L’incubo durante la febbre “di crescenza”, quando Tonino sogna il prestigiatore che ha visto poco prima al circo ed al cui mondo d’illusione si ribella, rappresenta il primo di questi momenti. Per un bambino, ricco di emozioni che passano veloci nella testa e sulla pelle, il mondo è fatto di cose, di oggetti, che semplicemente esistono o non più. La propria identità, così come quella delle cose, è semplicemente presenza materiale ed è vissuta esclusivamente nel presente. E’ questa la fase in cui, a Tonino, per essere sereno, basta il solo tenersi per mano con la madre. Ed è in questo quadro che il foglio bianco è steso, bianco e liscio, al centro dello spazio vuoto, pieno solo della luce proiettata su di esso.
Di  seguito giungono gli anni della scuola ed è qui che dovendo realizzare i primi componimenti in forma di tema, Tonino capisce come le parole ed i pensieri, non sono più liberi di fluire come un tempo. Le parole non sono più utili a nominare gli oggetti e le azioni, ma sono spesso vincolate dal proprio immaginario e ancor più spesso, da quello degli altri. Si affianca a tale esperienza, quella dell’ “avallo” del padre alle cambiali dell’amico. Una parola misteriosa per un bambino che, da sola, distrugge definitivamente la serenità e l’allegria familiare. In questi momenti il foglio bianco, non più teso al centro dello spazio, è parte dell’agire scenico divenendo tappeto e poi coperta.
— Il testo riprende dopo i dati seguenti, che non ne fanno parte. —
(* Assume the loss $\ell(\mathbf{y},\cdot)$ is $L$-Lipschitz for all $\mathbf{y}$ and takes values in $[0,B]$, and the $T$ source tasks are independently drawn from a task distribution $\mathcal{D}_{\text{task}}$. Let $\widehat{\mathrm{Alg}}$ be the empirical minimizer of the ICL-ERM objective over the source tasks and $\mathcal{T}\sim\mathcal{D}_{\text{task}}$. Then with probability at least $1-2\delta$, the expected excess transfer learning risk obeys \[ \mathbb{E}_{\mathcal{T}}[R_\mathcal{T}(\widehat{\mathrm{Alg}})]\leq\min_{\varepsilon\geq0}\left\{4L\varepsilon+B\sqrt{\frac{2\log(\mathcal{N}(\mathcal{A},\rho,\varepsilon)/\delta)}{T}}\right\}. \]
   Context: Algorithms $\mathrm{Alg}\in\mathcal{A}$ map a sequence $\mathcal{S}^{(i)}=(\mathbf{x}_j,\mathbf{y}_j)_{j=1}^{i}$ to predictors $f^{\mathrm{Alg}}_{\mathcal{S}^{(i)}}$. Source task $t$ has sequence $\mathcal{S}_t=(\mathbf{x}_{ti},\mathbf{y}_{ti})_{i=1}^n$ i.i.d. from $\mathcal{D}_t$; $\widehat{\mathcal{L}}_t(\mathrm{Alg})=\frac1n\sum_{i}\ell(\mathbf{y}_{ti},f^{\mathrm{Alg}}_{\mathcal{S}_t^{(i-1)}}(\mathbf{x}_{ti}))$ and ICL-ERM is $\widehat{\mathrm{Alg}}=\arg\min_{\mathrm{Alg}}\frac1T\sum_t\widehat{\mathcal{L}}_t(\mathrm{Alg})$. For a target task $\mathcal{T}$ with sequence $\mathcal{S}_\mathcal{T}=(\mathbf{x}_i,\mathbf{y}_i)_{i=1}^n\sim\mathcal{D}_\mathcal{T}$, $\widehat{\mathcal{L}}_\mathcal{T}(\mathrm{Alg})=\frac1n\sum_i\ell(\mathbf{y}_i,f^{\mathrm{Alg}}_{\mathcal{S}^{(i-1)}_\mathcal{T}}(\mathbf{x}_i))$, $\mathcal{L}_\mathcal{T}=\mathbb{E}_{\mathcal{S}_\mathcal{T}}[\widehat{\mathcal{L}}_\mathcal{T}]$, and $\mathbb{E}_{\mathcal{T}}[R_\mathcal{T}(\widehat{\mathrm{Alg}})]:=\mathbb{E}_{\mathcal{T}}[\mathcal{L}_\mathcal{T}(\widehat{\mathrm{Alg}})]-\min_{\mathrm{Alg}\in\mathcal{A}}\mathbb{E}_{\mathcal{T}}[\mathcal{L}_\mathcal{T}(\mathrm{Alg})]$. $\rho(\mathrm{Alg},\mathrm{Alg}')=\sup_{\mathcal{S}}\frac1n\sum_{i=1}^n\|f^{\mathrm{Alg}}_{\mathcal{S}^{(i-1)}}(\mathbf{x}_i)-f^{\mathrm{Alg}'}_{\mathcal{S}^{(i-1)}}(\mathbf{x}_i)\|_2$ over worst-case admissible sequences, and $\mathcal{N}(\mathcal{A},\rho,\varepsilon)$ is the $\varepsilon$-covering number. *)

theory Defs
  imports "HOL-Probability.Probability"
begin

type_synonym ('x, 'y, 'p) icl_alg = "('x \<times> 'y) list \<Rightarrow> 'x \<Rightarrow> 'p"

text \<open>Sequences of length n are modelled as functions s :: nat => 'x * 'y (only
  indices i < n matter).  The prefix S^(i-1) of the paper (0-based index i here)
  is map s [0..<i].\<close>

definition emp_loss ::
  "('y \<Rightarrow> 'p \<Rightarrow> real) \<Rightarrow> nat \<Rightarrow> ('x, 'y, 'p) icl_alg \<Rightarrow> (nat \<Rightarrow> 'x \<times> 'y) \<Rightarrow> real" where
  "emp_loss l n alg s =
     (1 / real n) * (\<Sum>i<n. l (snd (s i)) (alg (map s [0..<i]) (fst (s i))))"

definition task_seq_dist :: "('task \<Rightarrow> ('x \<times> 'y) measure) \<Rightarrow> nat \<Rightarrow> 'task \<Rightarrow> (nat \<Rightarrow> 'x \<times> 'y) measure" where
  "task_seq_dist D n \<tau> = PiM {..<n} (\<lambda>_. D \<tau>)"

definition source_seq_dist :: "'task measure \<Rightarrow> ('task \<Rightarrow> ('x \<times> 'y) measure) \<Rightarrow> nat \<Rightarrow> (nat \<Rightarrow> 'x \<times> 'y) measure" where
  "source_seq_dist DT D n = DT \<bind> task_seq_dist D n"

definition source_sample_dist :: "'task measure \<Rightarrow> ('task \<Rightarrow> ('x \<times> 'y) measure) \<Rightarrow> nat \<Rightarrow> nat \<Rightarrow> (nat \<Rightarrow> nat \<Rightarrow> 'x \<times> 'y) measure" where
  "source_sample_dist DT D n T = PiM {..<T} (\<lambda>_. source_seq_dist DT D n)"

definition icl_erm_obj ::
  "('y \<Rightarrow> 'p \<Rightarrow> real) \<Rightarrow> nat \<Rightarrow> nat \<Rightarrow> ('x, 'y, 'p) icl_alg \<Rightarrow> (nat \<Rightarrow> nat \<Rightarrow> 'x \<times> 'y) \<Rightarrow> real" where
  "icl_erm_obj l n T alg \<omega> = (1 / real T) * (\<Sum>t<T. emp_loss l n alg (\<omega> t))"

definition task_risk ::
  "('y \<Rightarrow> 'p \<Rightarrow> real) \<Rightarrow> nat \<Rightarrow> ('task \<Rightarrow> ('x \<times> 'y) measure) \<Rightarrow> ('x, 'y, 'p) icl_alg \<Rightarrow> 'task \<Rightarrow> real" where
  "task_risk l n D alg \<tau> = (\<integral>s. emp_loss l n alg s \<partial>task_seq_dist D n \<tau>)"
(* Let $e_1,e_2$ be a basis of $\mathbb{Z}^2$. Up to isomorphism, the smooth toric varieties admitting a proper birational toric morphism to $\mathbb{A}^2$ and having nef anticanonical divisor are $\mathbb{A}^2$ and the varieties $Z_m$ ($m\ge1$), where $Z_m$ is the toric variety whose fan has maximal cones $\mathrm{cone}(e_1,e_1+e_2)$, $\mathrm{cone}(e_1+e_2,e_1+2e_2)$, $\dots$, $\mathrm{cone}(e_1+(m-1)e_2,e_1+me_2)$, $\mathrm{cone}(e_1+me_2,e_2)$.
   Context: $\mathbb{A}^2$ is the toric variety with fan $\mathrm{cone}(e_1,e_2)$ and its faces; toric varieties birationally proper over $\mathbb{A}^2$ correspond to fans subdividing $\mathrm{cone}(e_1,e_2)$. *)

theory Defs
  imports Main
begin

text \<open>A smooth fan subdividing cone(e1,e2) is encoded by the list of its rays
  v_0 = e1, v_1, ..., v_(n+1) = e2, ordered counterclockwise; its maximal
  cones are cone(v_i, v_(i+1)).\<close>

type_synonym vec2 = "int \<times> int"

definition det2 :: "vec2 \<Rightarrow> vec2 \<Rightarrow> int" where
  "det2 u w = fst u * snd w - snd u * fst w"

definition smooth_quadrant_fan :: "vec2 list \<Rightarrow> bool" where
  "smooth_quadrant_fan vs \<longleftrightarrow>
     length vs \<ge> 2 \<and> hd vs = (1, 0) \<and> last vs = (0, 1) \<and>
     (\<forall>v\<in>set vs. fst v \<ge> 0 \<and> snd v \<ge> 0) \<and>
     (\<forall>i. Suc i < length vs \<longrightarrow> det2 (vs ! i) (vs ! Suc i) = 1)"

definition max_cones :: "vec2 list \<Rightarrow> vec2 set set" where
  "max_cones vs = {{vs ! i, vs ! Suc i} | i. Suc i < length vs}"

text \<open>For an interior ray v_i (0 < i < n+1) the divisor D_i is a compact
  torus-invariant curve; v_(i-1) + v_(i+1) = a_i v_i and D_i.D_i = -a_i,
  D_(i-1).D_i = D_(i+1).D_i = 1, and D_j.D_i = 0 otherwise.\<close>
definition self_int :: "vec2 list \<Rightarrow> nat \<Rightarrow> int" where
  "self_int vs i = - (THE a::int.
      fst (vs ! (i - 1)) + fst (vs ! Suc i) = a * fst (vs ! i) \<and>
      snd (vs ! (i - 1)) + snd (vs ! Suc i) = a * snd (vs ! i))"

definition int_num :: "vec2 list \<Rightarrow> nat \<Rightarrow> nat \<Rightarrow> int" where
  "int_num vs j i =
     (if j = i then self_int vs i
      else if j + 1 = i \<or> j = i + 1 then 1 else 0)"

text \<open>The anticanonical divisor is -K = sum of all D_j; it is nef iff its
  intersection number with every compact torus-invariant curve D_i is >= 0.\<close>
definition nef_anticanonical :: "vec2 list \<Rightarrow> bool" where
  "nef_anticanonical vs \<longleftrightarrow>
     (\<forall>i. 0 < i \<and> Suc i < length vs \<longrightarrow>
        (\<Sum>j<length vs. int_num vs j i) \<ge> 0)"

definition toric_iso :: "vec2 list \<Rightarrow> vec2 list \<Rightarrow> bool" where
  "toric_iso vs ws \<longleftrightarrow>
     (\<exists>a b c d :: int. \<bar>a * d - b * c\<bar> = 1 \<and>
        (\<lambda>S. (\<lambda>(x, y). (a * x + b * y, c * x + d * y)) ` S) ` max_cones vs
          = max_cones ws)"

definition A2_fan :: "vec2 list" where
  "A2_fan = [(1, 0), (0, 1)]"
lemma scalar_class_central_commutator:
  assumes N: "N \<in> sdivisors \<alpha>" and z: "z ^ N = 1"
    and AB: "A \<in> G N" "B \<in> G N" "A * B = z \<cdot>\<^sub>m (B * A)"
  shows "central_commutator_in (lim_quot (diag_limit \<alpha> G)) (lim_mult (diag_limit \<alpha> G))
    (lim_class (diag_limit \<alpha> G) (N, z \<cdot>\<^sub>m 1\<^sub>m N))"
proof -
  let ?S = "diag_limit \<alpha> G"
  have zN: "z \<cdot>\<^sub>m 1\<^sub>m N \<in> G N"
    using z by (rule smult_one_in)
  have "lim_mult ?S (lim_class ?S (N, A)) (lim_class ?S (N, B)) = lim_class ?S (N, A * B)"
    using N AB by (simp add: lim_mult_same_level)
  also have "\<dots> = lim_class ?S (N, z \<cdot>\<^sub>m 1\<^sub>m N * (B * A))"
    using AB by (simp add: smult_one_mult carrier_mat mult_closed)
  also have "\<dots> = lim_mult ?S (lim_class ?S (N, z \<cdot>\<^sub>m 1\<^sub>m N))
      (lim_mult ?S (lim_class ?S (N, B)) (lim_class ?S (N, A)))"
    using N AB zN by (simp add: lim_mult_same_level mult_closed)
  finally have comm: "lim_mult ?S (lim_class ?S (N, A)) (lim_class ?S (N, B)) =
    lim_mult ?S (lim_class ?S (N, z \<cdot>\<^sub>m 1\<^sub>m N))
      (lim_mult ?S (lim_class ?S (N, B)) (lim_class ?S (N, A)))" .
  show ?thesis
    unfolding central_commutator_in_def
  proof (intro conjI)
    show "central_in (lim_quot ?S) (lim_mult ?S) (lim_class ?S (N, z \<cdot>\<^sub>m 1\<^sub>m N))"
      using N zN by (rule scalar_class_central)
    show "\<exists>a\<in>lim_quot ?S. \<exists>b\<in>lim_quot ?S.
      lim_mult ?S a b = lim_mult ?S (lim_class ?S (N, z \<cdot>\<^sub>m 1\<^sub>m N)) (lim_mult ?S b a)"
    proof (rule bexI[of _ "lim_class ?S (N, A)"], rule bexI[of _ "lim_class ?S (N, B)"])
      show "lim_class ?S (N, A) \<in> lim_quot ?S" "lim_class ?S (N, B) \<in> lim_quot ?S"
        using N AB by (simp_all add: lim_class_in_quot)
    qed (rule comm)
  qed
qed
lemma sum_small_nbhd_events_le:
  fixes p d :: real
  assumes p: "0 \<le> p" "p \<le> 1" and fin: "finite U" "finite W"
    and d: "1 \<le> d" "24 * d \<le> p * card W" and U: "real (card U) \<le> real (card W) / (4 * d)"
  shows "(\<Sum>T | T \<subseteq> W - U \<and> real (card T) < d * card U.
            real (card U) ^ card T * p ^ card T * (1 - p) ^ (card U * card (W - U - T)))
         \<le> exp (- p * card W * card U / 4)"
proof -
  define u w where "u = real (card U)" and "w = real (card W)"
  have "d * u \<le> d * (w / (4 * d))" using U d(1) unfolding u_def w_def by (intro mult_left_mono) auto
  then have du: "d * u \<le> w / 4" using d(1) by simp
  have u: "u \<le> w / 4" using du d(1) mult_right_mono[OF d(1), of u] unfolding u_def by simp
  have small_term: "u ^ card T * p ^ card T * (1 - p) ^ (card U * card (W - U - T))
      \<le> exp (- p * u * w / 2) * (u * p) ^ card T" if T: "T \<subseteq> W - U" "real (card T) < d * u" for T
  proof -
    have "W \<subseteq> (W - U - T) \<union> U \<union> T" by auto
    then have "card W \<le> card (W - U - T) + card U + card T"
      by (metis card_Un_le card_mono fin finite_Un finite_subset T(1) Diff_subset order_trans add_le_mono1)
    then have "w / 2 \<le> card (W - U - T)" using u du T(2) unfolding u_def w_def by linarith
    then have "p * u * (w / 2) \<le> p * u * card (W - U - T)"
      using p unfolding u_def by (intro mult_left_mono) auto
    then have "exp (- p * u * card (W - U - T)) \<le> exp (- p * u * w / 2)" by simp
    moreover have "(1 - p) ^ (card U * card (W - U - T)) \<le> exp (- p * u * card (W - U - T))"
      using power_le_exp_mult[of "-p" "card U * card (W - U - T)"] p unfolding u_def
      by (simp add: mult.assoc)
    ultimately have "(1 - p) ^ (card U * card (W - U - T)) \<le> exp (- p * u * w / 2)"
      by linarith
    then have "(u * p) ^ card T * (1 - p) ^ (card U * card (W - U - T))
        \<le> (u * p) ^ card T * exp (- p * u * w / 2)"
      using p unfolding u_def by (intro mult_left_mono) auto
    then show ?thesis by (simp add: power_mult_distrib mult_ac)
  qed
  have "(\<Sum>T | T \<subseteq> W - U \<and> real (card T) < d * u.
            u ^ card T * p ^ card T * (1 - p) ^ (card U * card (W - U - T)))
      \<le> exp (- p * u * w / 2) * (\<Sum>T | T \<subseteq> W - U \<and> real (card T) < d * u. (u * p) ^ card T)"
    unfolding sum_distrib_left using small_term by (intro sum_mono) auto
  also have "\<dots> \<le> exp (- p * u * w / 2) * exp (3 * (d * u) + u * p * card (W - U) / 8)"
    using fin p unfolding u_def by (intro mult_left_mono sum_small_subsets_power_le) auto
  also have "\<dots> \<le> exp (- p * u * w / 2) * exp (3 * (d * u) + u * p * w / 8)"
    using fin p card_mono[of W "W - U"] unfolding u_def w_def
    by (intro mult_left_mono) (auto intro!: mult_left_mono divide_right_mono)
  also have "\<dots> \<le> exp (- p * w * u / 4)"
  proof -
    have "24 * d * u \<le> p * w * u" using d(2) unfolding u_def w_def by (intro mult_right_mono) auto
    then show ?thesis by (simp add: exp_add[symmetric] algebra_simps)
  qed
  finally show ?thesis unfolding u_def w_def .
qed
(* Let $\Delta$ be a finite set with $|\Delta|\ge2$, $\ell\ge2$, $\Omega=\Delta^\ell$, $W=\mathrm{Sym}\,\Delta\wr S_\ell$ in product action on $\Omega$, $G\le W$, and let $M$ be a minimal normal subgroup of $G$ transitive on $\Omega$, $M=T_1\times\cdots\times T_k$ with the $T_i$ isomorphic finite simple groups. Let $\Gamma$ be a connected graph with vertex set $\Omega$ with $G\le\mathrm{Aut}\,\Gamma$. Assume $\Gamma$ is $M$-arc-transitive, that $G\pi$ is transitive on $\{1,\dots,\ell\}$, and that $G\le G^{(1)}\wr(G\pi)$. Let $\alpha=(\alpha_1,\dots,\alpha_1)\in\Omega$, $\beta=(\beta_1,\dots,\beta_\ell)\in\Gamma(\alpha)$, and $K=G^{(1)}$. Then there is $h\in(K_{\alpha_1})^\ell$ with $\beta h=(\beta_1,\dots,\beta_1)$. Thus in the image graph $\Gamma h$ the tuples $(\alpha_1,\dots,\alpha_1)$ and $(\beta_1,\dots,\beta_1)$ are adjacent. Furthermore $G^h\le\mathrm{Aut}(\Gamma h)$ and $G^h\le G^{(1)}\wr(G\pi)$.
   Context: Product action: $(\delta_1,\dots,\delta_\ell)^{(g_1,\dots,g_\ell)h}=(\delta_{1h^{-1}}g_{1h^{-1}},\dots,\delta_{\ell h^{-1}}g_{\ell h^{-1}})$. $\pi:W\to S_\ell$ is the natural projection. For $j$, $W_j$ is the stabiliser of $j$ under $\pi$, $W_j=\mathrm{Sym}\,\Delta\times(\mathrm{Sym}\,\Delta\wr S_{\ell-1})$ with the first factor on the $j$-th coordinate, and the component $G^{(j)}\le\mathrm{Sym}\,\Delta$ is the projection of $G\cap W_j$ onto the first factor. $G^{(1)}\wr(G\pi)$ denotes the subgroup $(G^{(1)})^\ell\rtimes G\pi$ of $W$. $K_{\alpha_1}$ is the stabiliser of $\alpha_1$ in $K$; $(K_{\alpha_1})^\ell\le(\mathrm{Sym}\,\Delta)^\ell$ acts coordinatewise. $\Gamma h$ is the graph on $\Omega$ whose edges are $\{xh,yh\}$ for edges $\{x,y\}$ of $\Gamma$. $\Gamma$ is $M$-arc-transitive if $M$ is transitive on ordered pairs of adjacent vertices; $\Gamma(\alpha)$ is the neighbourhood of $\alpha$. *)

theory Defs
  imports "HOL-Algebra.Algebra"
begin

text \<open>Points of Omega are tuples indexed by {..<l} (coordinate 0 plays the role of coordinate 1).\<close>

definition Omega :: "nat \<Rightarrow> 'a set \<Rightarrow> (nat \<Rightarrow> 'a) set" where
  "Omega l D = PiE {..<l} (\<lambda>_. D)"

text \<open>The element (g_1,...,g_l)h of W acting on Omega:
  (delta^{(g)h})_i = delta_{i h^{-1}} g_{i h^{-1}}; permutations act as functions.\<close>

definition wr_elt :: "nat \<Rightarrow> 'a set \<Rightarrow> (nat \<Rightarrow> 'a \<Rightarrow> 'a) \<Rightarrow> (nat \<Rightarrow> nat)
    \<Rightarrow> (nat \<Rightarrow> 'a) \<Rightarrow> (nat \<Rightarrow> 'a)" where
  "wr_elt l D gs h = (\<lambda>x \<in> Omega l D. (\<lambda>i \<in> {..<l}.
      gs (inv_into {..<l} h i) (x (inv_into {..<l} h i))))"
Infine l’adolescenza, l’età della coscienza critica del sé, del proprio corpo e del mondo intero. Ed è qui che la semplice domanda del professor Haberstumpfs – cos’è un ago? – rivolta all’ormai non più piccolo Tonino ed ai suoi compagni di classe, desta perplessità su quale possa essere la risposta corretta; forse perché spesso nel mondo degli adulti, gli oggetti, le parole e le azioni, non giacciono più sullo stesso piano. Ed è forse, proprio per questo motivo, che il professore le definisce sacre, mentre per strada un drappello di giovani fascisti inneggia alla guerra con la Francia. Le parole, devono essere utilizzate con sacralità, conoscendo il loro significato, con i toni e i tempi giusti. Esse se mal’ utilizzate, possono trasformare gli uomini in cose, masse prive di identità e libertà. Con questo monito si conclude la pièce . Sul foglio bianco, ormai sgualcito e posto nuovamente al centro dello spazio vuoto e scuro, solo un profilo bianco si staglia nel buoi come neve del Vesuvio, sciolta come l’infanzia ormai passata.

E’ da ritenersi buona la prova di Andrea Renzi, così come testimoniato dai caldi applausi del pubblico e dello stesso La Capria, presente in sala. Riuscita risulta essere la trasposizione teatrale anche grazie alle scene di Luigi Ferrigno ed al disegno luci di Gigi Saccomandi.